特に殺人事件の場合、客観的証拠が無くても「死体があり自白があれば有罪にできるのが法律のシステム」と言われています。「取り調べの可視化」が声高に叫ばれるようになったのも故なきことではありません。

「死刑」それとも「無罪」・・・・・もしあなたが「袴田事件」を裁く裁判員の立場にあったらはたしてどんな判決を出すでしょうか。裁判員裁判に参加することが国民の義務となったいま、この映画が「人が人を裁く」ことの意味を再考する一助になればと思います。

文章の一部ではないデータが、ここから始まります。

lemma opposite_chambers_extend_geo_cham:
  assumes "convex X" and \<sigma>: "\<sigma> \<subseteq> {..<n}"
    and T: "is_chamber n (code n w h X) \<sigma> T" and T': "is_chamber n (code n w h X) \<sigma> T'"
    and "(j, b) \<in> T" "(j, \<not> b) \<in> T'"
  shows "insert j \<sigma> \<in> geo_cham n w h X"
proof -
  have j: "j \<in> {..<n} - \<sigma>"
    using T \<open>(j, b) \<in> T\<close> unfolding is_chamber_def supp_def by force
  have "X \<inter> weak_cell w h (sign_face (insert j \<sigma>) \<epsilon>) \<noteq> {}" for \<epsilon>
  proof (cases "\<epsilon> j = b")
    case True
    with \<open>(j, b) \<in> T\<close> have "sign_face (insert j \<sigma>) \<epsilon> \<subseteq> sign_face \<sigma> \<epsilon> \<union> T"
      by (auto simp: sign_face_insert)
    then show ?thesis
      using chamber_meets_weak_cells[OF T, of \<epsilon>] weak_cell_antimono by blast
  next
    case False
    with \<open>(j, \<not> b) \<in> T'\<close> have "sign_face (insert j \<sigma>) \<epsilon> \<subseteq> sign_face \<sigma> \<epsilon> \<union> T'"
      by (auto simp: sign_face_insert)
    then show ?thesis
      using chamber_meets_weak_cells[OF T', of \<epsilon>] weak_cell_antimono by blast
  qed
  moreover have "finite (insert j \<sigma>)"
    using \<sigma> finite_subset by auto
  ultimately have "X \<inter> Hint w h (insert j \<sigma>) \<noteq> {}"
    using convex_meets_Hint[OF _ assms(1)] by simp
  with \<sigma> j show ?thesis
    unfolding geo_cham_def by blast
qed
text \<open>The update is monotone in c, so c = 1 and, after reflecting x, c = -1 are the extreme cases.\<close>

lemma opinion_step_abs_le_1:
  fixes x c :: real
  assumes x: "\<bar>x\<bar> \<le> 1" and c: "\<bar>c\<bar> \<le> 1"
  shows "\<bar>x + (1 - x\<^sup>2) * (c - x)\<bar> \<le> 1"
proof -
  have w: "0 \<le> 1 - x\<^sup>2"
    using x by (simp add: abs_square_le_1)
  have "x + (1 - x\<^sup>2) * (c - x) \<le> x + (1 - x\<^sup>2) * (1 - x)"
    using w c by (simp add: mult_left_mono)
  also have "\<dots> \<le> 1"
    using x by (intro opinion_step_le_1) simp
  finally have upper: "x + (1 - x\<^sup>2) * (c - x) \<le> 1" .
  have "-1 \<le> - ((- x) + (1 - (- x)\<^sup>2) * (1 - (- x)))"
    using x opinion_step_le_1[of "- x"] by linarith
  also have "\<dots> = x + (1 - x\<^sup>2) * (-1 - x)"
    by (simp add: algebra_simps)
  also have "\<dots> \<le> x + (1 - x\<^sup>2) * (c - x)"
    using w c by (simp add: mult_left_mono)
  finally show ?thesis
    using upper by simp
qed

lemma opinion_step_reflect:
  fixes a x :: real
  assumes "a \<in> {-1, 1}"
  shows "a * (x + (1 - x\<^sup>2) * (a - x)) = a * x + (1 - (a * x)\<^sup>2) * (1 - a * x)"
  using assms by (auto simp: algebra_simps power2_eq_square)

lemma mean_abs_le_1:
  fixes f :: "'a \<Rightarrow> real"
  assumes "finite S" "S \<noteq> {}" "\<And>j. j \<in> S \<Longrightarrow> \<bar>f j\<bar> \<le> 1"
  shows "\<bar>(\<Sum>j\<in>S. f j) / card S\<bar> \<le> 1"
proof -
  have "\<bar>\<Sum>j\<in>S. f j\<bar> \<le> (\<Sum>j\<in>S. \<bar>f j\<bar>)"
    by (rule sum_abs)
  also have "\<dots> \<le> real (card S) * 1"
    using assms(3) by (rule sum_bounded_above)
  finally show ?thesis
    using assms(1,2) by (simp add: abs_divide divide_le_eq_1 card_gt_0_iff)
qed

lemma theta_step_eq:
  assumes "finite (Nb i)" "Nb i \<noteq> {}"
  shows "theta_step Nb beta th qv qpv i =
    th i + (1 - (th i)\<^sup>2) * (beta * qpv + (1 - beta) * ((\<Sum>j\<in>Nb i. qv j) / card (Nb i)) - th i)"
proof -
  have "card (Nb i) \<noteq> 0"
    using assms by simp
  then show ?thesis
    unfolding theta_step_def by (simp add: sum_subtractf field_simps)
qed

lemma theta_step_abs_le_1:
  assumes "finite (Nb i)" "Nb i \<noteq> {}" "0 \<le> beta" "beta \<le> 1"
    and "\<bar>th i\<bar> \<le> 1" "\<bar>qpv\<bar> \<le> 1" "\<And>j. j \<in> Nb i \<Longrightarrow> \<bar>qv j\<bar> \<le> 1"
  shows "\<bar>theta_step Nb beta th qv qpv i\<bar> \<le> 1"
proof -
  let ?m = "(\<Sum>j\<in>Nb i. qv j) / card (Nb i)"
  have m: "\<bar>?m\<bar> \<le> 1"
    using assms by (intro mean_abs_le_1)
  have "\<bar>beta * qpv + (1 - beta) * ?m\<bar> \<le> beta * \<bar>qpv\<bar> + (1 - beta) * \<bar>?m\<bar>"
    using assms(3,4) abs_triangle_ineq[of "beta * qpv" "(1 - beta) * ?m"] by (simp add: abs_mult)
  also have "\<dots> \<le> 1"
    using assms(3,4,6) m by (intro convex_bound_le) auto
  finally show ?thesis
    using assms by (simp add: theta_step_eq opinion_step_abs_le_1)
qed

lemma action_equilibriumD:
  assumes "action_equilibrium N Nb beta gamma emin emax pbar a b"
    and "model_traj N Nb beta gamma emin emax pbar th p q qp" "fully_synchronized N (th 0)"
    and "actions_are N q qp k0 a b" "k0 < k"
  shows "actions_are N q qp k a b"
  using assms unfolding action_equilibrium_def by blast

type_synonym model_state = "(nat \<Rightarrow> real) \<times> real \<times> (nat \<Rightarrow> real) \<times> real"

locale opinion_pollution =
  fixes N :: nat and Nb :: "nat \<Rightarrow> nat set" and beta gamma emin emax pbar :: real
  assumes neighbours: "\<forall>i\<in>{1..N}. Nb i \<subseteq> {1..N} \<and> Nb i \<noteq> {}"
    and gamma: "0 < gamma" "gamma < 1"
    and beta: "0 \<le> beta" "beta \<le> 1"
begin

abbreviation traj where
  "traj \<equiv> model_traj N Nb beta gamma emin emax pbar"

definition steady_pollution :: "real \<Rightarrow> real" where
  "steady_pollution a = real N * emission emin emax a / (1 - gamma)"

lemma neighbours_finite: "i \<in> {1..N} \<Longrightarrow> finite (Nb i)"
  using neighbours finite_subset[of "Nb i" "{1..N}"] by blast

lemma neighbours_nonempty: "i \<in> {1..N} \<Longrightarrow> Nb i \<noteq> {}"
  using neighbours by blast

definition model_step :: "model_state \<Rightarrow> model_state" where
  "model_step = (\<lambda>(th, p, q, qp).
     let th' = theta_step Nb beta th q qp; p' = p_step N gamma emin emax p q
     in (th', p', \<lambda>i. act (th' i) (q i), signal pbar p' qp))"

lemma model_traj_exists:
  assumes "\<forall>i\<in>{1..N}. -1 < th0 i \<and> th0 i < 1 \<and> th0 i \<noteq> 0" "p0 \<noteq> pbar"
  obtains th p q qp where "traj th p q qp" "th 0 = th0" "p 0 = p0"
proof -
  define s where "s k = (model_step ^^ k) (th0, p0, \<lambda>i. act (th0 i) 0, signal pbar p0 0)" for k
  have "traj (\<lambda>k. fst (s k)) (\<lambda>k. fst (snd (s k))) (\<lambda>k. fst (snd (snd (s k))))
      (\<lambda>k. snd (snd (snd (s k))))"
    using assms unfolding model_traj_def s_def by (simp add: model_step_def Let_def split_beta)
  then show ?thesis
    using that by (simp add: s_def)
qed

lemma traj_actions_bounded:
  assumes "traj th p q qp" "i \<in> {1..N}"
  shows "\<bar>q k i\<bar> \<le> 1"
  using assms by (induction k) (auto simp: model_traj_def intro: act_abs_le_1)

lemma traj_signal_bounded:
  assumes "traj th p q qp"
  shows "\<bar>qp k\<bar> \<le> 1"
  using assms by (induction k) (auto simp: model_traj_def intro: signal_abs_le_1)

lemma traj_opinions_bounded:
  assumes traj: "traj th p q qp" and i: "i \<in> {1..N}"
  shows "\<bar>th k i\<bar> \<le> 1"
  using i
proof (induction k arbitrary: i)
  case 0
  then have "-1 < th 0 i \<and> th 0 i < 1"
    using traj by (simp add: model_traj_def)
  then show ?case
    by (simp add: abs_le_iff)
next
  case (Suc k)
  have "\<bar>theta_step Nb beta (th k) (q k) (qp k) i\<bar> \<le> 1"
  proof (rule theta_step_abs_le_1)
    show "\<bar>q k j\<bar> \<le> 1" if "j \<in> Nb i" for j
      using that Suc.prems neighbours traj_actions_bounded[OF traj] by blast
  qed (use Suc traj_signal_bounded[OF traj] beta neighbours_finite neighbours_nonempty in auto)
  then show ?case
    using traj Suc.prems by (simp add: model_traj_def)
qed

lemma traj_action_sign:
  assumes "traj th p q qp" "i \<in> {1..N}"
  shows "0 \<le> q k i * th k i"
  using assms by (cases k) (auto simp: model_traj_def act_mult_nonneg)

lemma traj_signal_sign:
  assumes "traj th p q qp"
  shows "qp k * (p k - pbar) \<le> 0"
  using assms by (cases k) (auto simp: model_traj_def signal_mult_nonpos)

lemma traj_consensus_opinion:
  assumes traj: "traj th p q qp" and acts: "actions_are N q qp k a a" and i: "i \<in> {1..N}"
  shows "th (Suc k) i = th k i + (1 - (th k i)\<^sup>2) * (a - th k i)"
proof -
  have "Nb i \<subseteq> {1..N}"
    using i neighbours by blast
  then have "(\<Sum>j\<in>Nb i. q k j) = (\<Sum>j\<in>Nb i. a)"
    using acts unfolding actions_are_def by (intro sum.cong) blast+
  then have mean: "(\<Sum>j\<in>Nb i. q k j) / card (Nb i) = a"
    using i neighbours_finite neighbours_nonempty by simp
  have "th (Suc k) i = theta_step Nb beta (th k) (q k) (qp k) i"
    using traj i by (simp add: model_traj_def)
  also have "\<dots> = th k i + (1 - (th k i)\<^sup>2) * (beta * a + (1 - beta) * a - th k i)"
    using i acts mean neighbours_finite neighbours_nonempty by (simp add: theta_step_eq actions_are_def)
  finally show ?thesis
    by (simp add: algebra_simps)
qed

lemma traj_consensus_pollution:
  assumes traj: "traj th p q qp" and acts: "\<forall>i\<in>{1..N}. q k i = a"
  shows "p (Suc k) - steady_pollution a = gamma * (p k - steady_pollution a)"
proof -
  have "p (Suc k) = gamma * p k + real N * emission emin emax a"
    using traj acts by (simp add: model_traj_def p_step_def)
  then show ?thesis
    using gamma by (simp add: steady_pollution_def field_simps)
qed

lemma traj_consensus_opinion_sign:
  assumes "traj th p q qp" "actions_are N q qp k a a" "i \<in> {1..N}" "a \<in> {-1, 1}"
  shows "a * th (Suc k) i = a * th k i + (1 - (a * th k i)\<^sup>2) * (1 - a * th k i)"
  using assms by (simp add: traj_consensus_opinion opinion_step_reflect)

lemma consensus_persists_Suc:
  assumes a: "a \<in> {-1, 1}" and side: "a * (steady_pollution a - pbar) \<le> 0"
    and traj: "traj th p q qp" and acts: "actions_are N q qp k a a"
  shows "actions_are N q qp (Suc k) a a"
proof -
  have "q (Suc k) i = a" if i: "i \<in> {1..N}" for i
  proof -
    have "0 \<le> a * th k i"
      using traj_action_sign[OF traj i, of k] acts i by (simp add: actions_are_def)
    also have "\<dots> \<le> a * th (Suc k) i"
      using calculation traj_consensus_opinion_sign[OF traj acts i a] le_opinion_step[of "a * th k i"]
      by simp
    finally have "0 \<le> a * th (Suc k) i" .
    then show ?thesis
      using traj acts i a by (simp add: model_traj_def actions_are_def act_eqI)
  qed
  moreover have "qp (Suc k) = a"
  proof -
    let ?pE = "steady_pollution a"
    have "a * (p k - pbar) \<le> 0"
      using traj_signal_sign[OF traj, of k] acts by (simp add: actions_are_def)
    moreover have pSuc: "p (Suc k) = gamma * (p k - ?pE) + ?pE"
      using traj_consensus_pollution[OF traj, of k a] acts by (simp add: actions_are_def)
    have "a * (p (Suc k) - pbar) = gamma * (a * (p k - pbar)) + (1 - gamma) * (a * (?pE - pbar))"
      unfolding pSuc by (simp add: algebra_simps)
    ultimately have "a * (p (Suc k) - pbar) \<le> 0"
      using gamma side by (simp add: mult_nonneg_nonpos add_nonpos_nonpos)
    then show ?thesis
      using traj acts a by (simp add: model_traj_def actions_are_def signal_eqI)
  qed
  ultimately show ?thesis
    by (simp add: actions_are_def)
qed

lemma consensus_persists:
  assumes "a \<in> {-1, 1}" "a * (steady_pollution a - pbar) \<le> 0"
    and "traj th p q qp" "actions_are N q qp k0 a a" "k0 \<le> k"
  shows "actions_are N q qp k a a"
  using assms(5,4) by (induction k rule: dec_induct) (use assms(1-3) consensus_persists_Suc in auto)

lemma not_action_equilibrium:
  assumes a: "a \<in> {-1, 1}" and wrong_side: "0 < a * (steady_pollution a - pbar)"
  shows "\<not> action_equilibrium N Nb beta gamma emin emax pbar a a"
proof
  assume equilibrium: "action_equilibrium N Nb beta gamma emin emax pbar a a"
  let ?pE = "steady_pollution a"
  define p0 where "p0 = pbar - (1 - gamma) * (?pE - pbar)"
  have "a * (p0 - pbar) = - ((1 - gamma) * (a * (?pE - pbar)))"
    by (simp add: p0_def algebra_simps)
  also have "\<dots> < 0"
    using gamma wrong_side by simp
  finally have p0_side: "a * (p0 - pbar) < 0" .
  then have p0_ne: "p0 \<noteq> pbar"
    by auto
  have init: "\<forall>i\<in>{1..N}. -1 < a / 2 \<and> a / 2 < 1 \<and> a / 2 \<noteq> 0"
    using a by auto
  obtain th p q qp where traj: "traj th p q qp" and th0: "th 0 = (\<lambda>_. a / 2)" and p0: "p 0 = p0"
    by (rule model_traj_exists[OF init p0_ne])
  have "act (a / 2) 0 = a"
    using a by (auto simp: act_def)
  moreover have "signal pbar p0 0 = a"
    using p0_side p0_ne by (intro signal_eqI[OF a]) simp_all
  ultimately have acts0: "actions_are N q qp 0 a a"
    using traj th0 p0 by (simp add: model_traj_def actions_are_def)
  have "fully_synchronized N (th 0)"
    by (simp add: th0 fully_synchronized_def)
  then have "actions_are N q qp 1 a a"
    using action_equilibriumD[OF equilibrium traj _ acts0] by simp
  then have "a * (p 1 - pbar) \<le> 0"
    using traj_signal_sign[OF traj, of 1] by (simp add: actions_are_def)
  moreover have "p 1 - pbar = (1 - gamma)\<^sup>2 * (?pE - pbar)"
    using traj_consensus_pollution[OF traj, of 0 a] acts0 p0
    by (simp add: actions_are_def p0_def algebra_simps power2_eq_square)
  then have "a * (p 1 - pbar) = (1 - gamma)\<^sup>2 * (a * (?pE - pbar))"
    by simp
  moreover have "0 < (1 - gamma)\<^sup>2 * (a * (?pE - pbar))"
    using gamma wrong_side by simp
  ultimately show False
    by linarith
qed

lemma action_equilibrium_iff:
  assumes "a \<in> {-1, 1}"
  shows "action_equilibrium N Nb beta gamma emin emax pbar a a \<longleftrightarrow> a * (steady_pollution a - pbar) \<le> 0"
proof
  show "a * (steady_pollution a - pbar) \<le> 0" if "action_equilibrium N Nb beta gamma emin emax pbar a a"
    using that not_action_equilibrium[OF assms] by (meson not_le)
next
  show "action_equilibrium N Nb beta gamma emin emax pbar a a" if "a * (steady_pollution a - pbar) \<le> 0"
    unfolding action_equilibrium_def using consensus_persists[OF assms that] by (auto intro: less_imp_le)
qed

先日、試写会をご覧になられた村上正邦氏(元労相)、鈴木宗男氏(衆院外務委員長)、佐藤優氏(作家)は、次のような感想を寄せられています。

「この映画で、熊本裁判官のように、真実を貫こうとする正義の司法関係者がいることを知りました。法治国家として、日本国を強固にするためには、国民に信頼される司法を確立することが必要不可欠だと痛感しました」(村上正邦氏)

「密室での過酷な取り調べはまさに拷問です。 映画では実にリアルに描かれています。また検察・警察のリークによって、私は嵐のようなムネオバッシングに晒されましたが、守秘義務違反のリークは今後、根絶しなければいけません」(鈴木宗男氏)

「袴田さんが冤罪に陥れられる様子をみて、怒りに全身が震えました。司法の健全化を願う全ての人にこの映画をみてほしい」(佐藤優氏)

映画「BOX 袴田事件 命とは」の試写会を左記の要領で開催いたします。ご多用中のこととは存じますが、なにとぞ、ご攪乱いただきたく、ここよりお願い申し上げます。

敬具

(後略)

である。五月下旬に封切上映される予定であるが、冒頭に記したように4月7日に入場無料の試写会が行われるので、ご関心の向きに参加を勧める。ご参考まで。